Until this minute, the gun had represented protection to her too--protection from that fate worse than death. Now it represented only death--instant and final. And she wanted life. She wanted one more minute of life for herself and her children, and years and years of life for herself and her children. She knew they might quickly be dead, but she could not stop the life she had labored to bring into the world and she could not let go of her own breath.

She dropped the gun onto the floor. He dropped his head onto his chest and cried. She had never loved him more than she loved him now, and would have spared him this last pain if she could have; but life was too precious.

A tomahawk found his head on its way through the door, and in a way, she was grateful for that. The tomahawk struck her too, for his wife, the vessel of young innocent love was dead, but still she lived.

They were inside now. They surveyed the woman and her children with the same scrutiny as the pots and quilts. One man screamed, raised his weapon into the air and started toward her children. Another voice spoke quickly, harshly--a voice of command, and the attacker stopped. In minutes she and her children were being bound and taken into captivity. She thought her heart would burst with thankful gladness.

Summer. Winter. Spring and Fall. The passing of seasons had turned the woman’s blonde hair to white and years of sun had made leather of her skin. Her back, like the backs of other old women in the tribe, was bent from hard work and poor nutrition and from a distance, you would not have distinguished her from any other.

She sat on a skin on the side of a hill and watched her grandson ride a horse for the first time. A soft, early summer sun warmed the grass, the air and the skin.
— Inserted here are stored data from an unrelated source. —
theorem lemma2:
  fixes \<beta> c R :: real and x0 :: "real^'n" and V :: "real^'n \<Rightarrow> real"
  assumes "\<beta> > 0" and "c > 0" and "R > 0" and "smooth_on UNIV V"
  shows "\<exists>\<epsilon>>0. \<exists>\<tau>>0. \<forall>(T::real) (\<Omega>::(real^'n) set) (U::((real^'n) \<times> real) set)
           (\<nu>::(real^'n) \<times> real \<Rightarrow> real).
     T > 0 \<longrightarrow> open \<Omega> \<longrightarrow> ball x0 R \<subseteq> \<Omega> \<longrightarrow>
     open U \<longrightarrow> \<Omega> \<times> {0..T} \<subseteq> U \<longrightarrow> smooth_on U \<nu> \<longrightarrow>
     (\<forall>x\<in>\<Omega>. \<forall>t\<in>{0..T}. \<nu> (x, t) > 0) \<longrightarrow>
     (\<forall>x\<in>\<Omega>. \<forall>t\<in>{0..T}.
        deriv (\<lambda>s. \<nu> (x, s)) t =
          \<beta> * \<nu> (x, t) * Lop V (\<lambda>y. \<nu> (y, t)) x + (norm (grad (\<lambda>y. \<nu> (y, t)) x))\<^sup>2) \<longrightarrow>
     (\<forall>x\<in>ball x0 R. \<nu> (x, 0) \<ge> c) \<longrightarrow>
     (\<forall>x\<in>ball x0 R. \<forall>t\<in>{0..T}.
        \<nu> (x, t) > \<epsilon> * (R\<^sup>2 - (norm (x - x0))\<^sup>2) / (t + \<tau>))"
proof -
  obtain M where "M > 0" and M: "\<forall>y\<in>cball x0 R. norm (grad V y) \<le> M"
    using smooth_on_UNIV_grad_bounded[OF assms(4) compact_cball] by blast
  have "CARD('n) + M * R > 0"
    using \<open>M > 0\<close> \<open>R > 0\<close> by (simp add: add_pos_pos)
  define \<epsilon> where "\<epsilon> = 1 / (8 * \<beta> * (CARD('n) + M * R))"
  define \<tau> where "\<tau> = 4 * \<epsilon> * R\<^sup>2 / c"
  have "\<epsilon> > 0" and "\<tau> > 0"
    using assms \<open>CARD('n) + M * R > 0\<close> by (simp_all add: \<epsilon>_def \<tau>_def)
  have small: "8 * \<beta> * \<epsilon> * (CARD('n) + M * R) \<le> 1"
    using \<open>\<beta> > 0\<close> \<open>CARD('n) + M * R > 0\<close> by (simp add: \<epsilon>_def)
  have below_init: "2 * \<epsilon> * R\<^sup>2 / \<tau> < c"
    using \<open>\<epsilon> > 0\<close> \<open>c > 0\<close> \<open>R > 0\<close> by (simp add: \<tau>_def)
  show ?thesis
  proof (intro exI conjI allI impI ballI)
    show "\<epsilon> > 0" and "\<tau> > 0"
      by fact+
  next
    fix T \<Omega> U \<nu> x t
    assume \<Omega>: "ball x0 R \<subseteq> \<Omega>" and "open U" and U: "\<Omega> \<times> {0..T} \<subseteq> U" and "smooth_on U \<nu>"
      and pos: "\<forall>x\<in>\<Omega>. \<forall>t\<in>{0..T}. \<nu> (x, t) > 0"
      and pde: "\<forall>x\<in>\<Omega>. \<forall>t\<in>{0..T}. deriv (\<lambda>s. \<nu> (x, s)) t =
          \<beta> * \<nu> (x, t) * Lop V (\<lambda>y. \<nu> (y, t)) x + (norm (grad (\<lambda>y. \<nu> (y, t)) x))\<^sup>2"
      and init: "\<forall>x\<in>ball x0 R. \<nu> (x, 0) \<ge> c" and "x \<in> ball x0 R" and "t \<in> {0..T}"
    show "\<nu> (x, t) > \<epsilon> * (R\<^sup>2 - (norm (x - x0))\<^sup>2) / (t + \<tau>)"
      by (rule solution_above_paraboloid_in_ball[OF \<open>\<beta> > 0\<close> \<open>\<epsilon> > 0\<close> \<open>\<tau> > 0\<close> _ M small below_init
            \<open>open U\<close> _ \<open>smooth_on U \<nu>\<close> _ _ init \<open>x \<in> ball x0 R\<close> \<open>t \<in> {0..T}\<close>])
        (use \<open>M > 0\<close> \<Omega> U pos pde in auto)
  qed
qed

end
The warmth soaked down from the sun and up from the skin and into her bones and eased the pain that lived there now.

As she sat watching her grandson, her youngest son came to sit beside her and offered her a small gift of jerky. She put the jerky into a mouth now void of any sound teeth. She smiled at her son in appreciation and he watched pleased, smiling as she sucked the strong meat flavor he knew she loved.

His three brothers and two half brothers were among the men who had left this morning in a hunting party. But this son, this youngest son, didn’t ride. The twisted legs that were a part of his birth made it difficult for him to move at all, and riding was just too painful. So, he sat soaking comfort and pleasure from the company of his mother and nephew.

The fever of the past winter had taken both his father and his half sister, the young horseman’s mother. But he could still see his sister in the slant of her son’s smile and when he most missed his father he always sought the company of his mother, and through her, was once again close to his father.

In all of the days of her life, the woman never forgot the young man who planted the fields or her love for him. But with this son’s father she had never felt anything missing. It was a different love--older and stronger. He had never tried to protect her from life--only death.

Through a door in the back of the old woman’s mind lived a small, blonde girl and a man who sat with the child on his lap after had come in from the fields for his evening rest. She would join them soon and her husband of so many years; but, today the company of her son and grandson warmed her heart and the sun warmed her bones. It was a good day to be alive.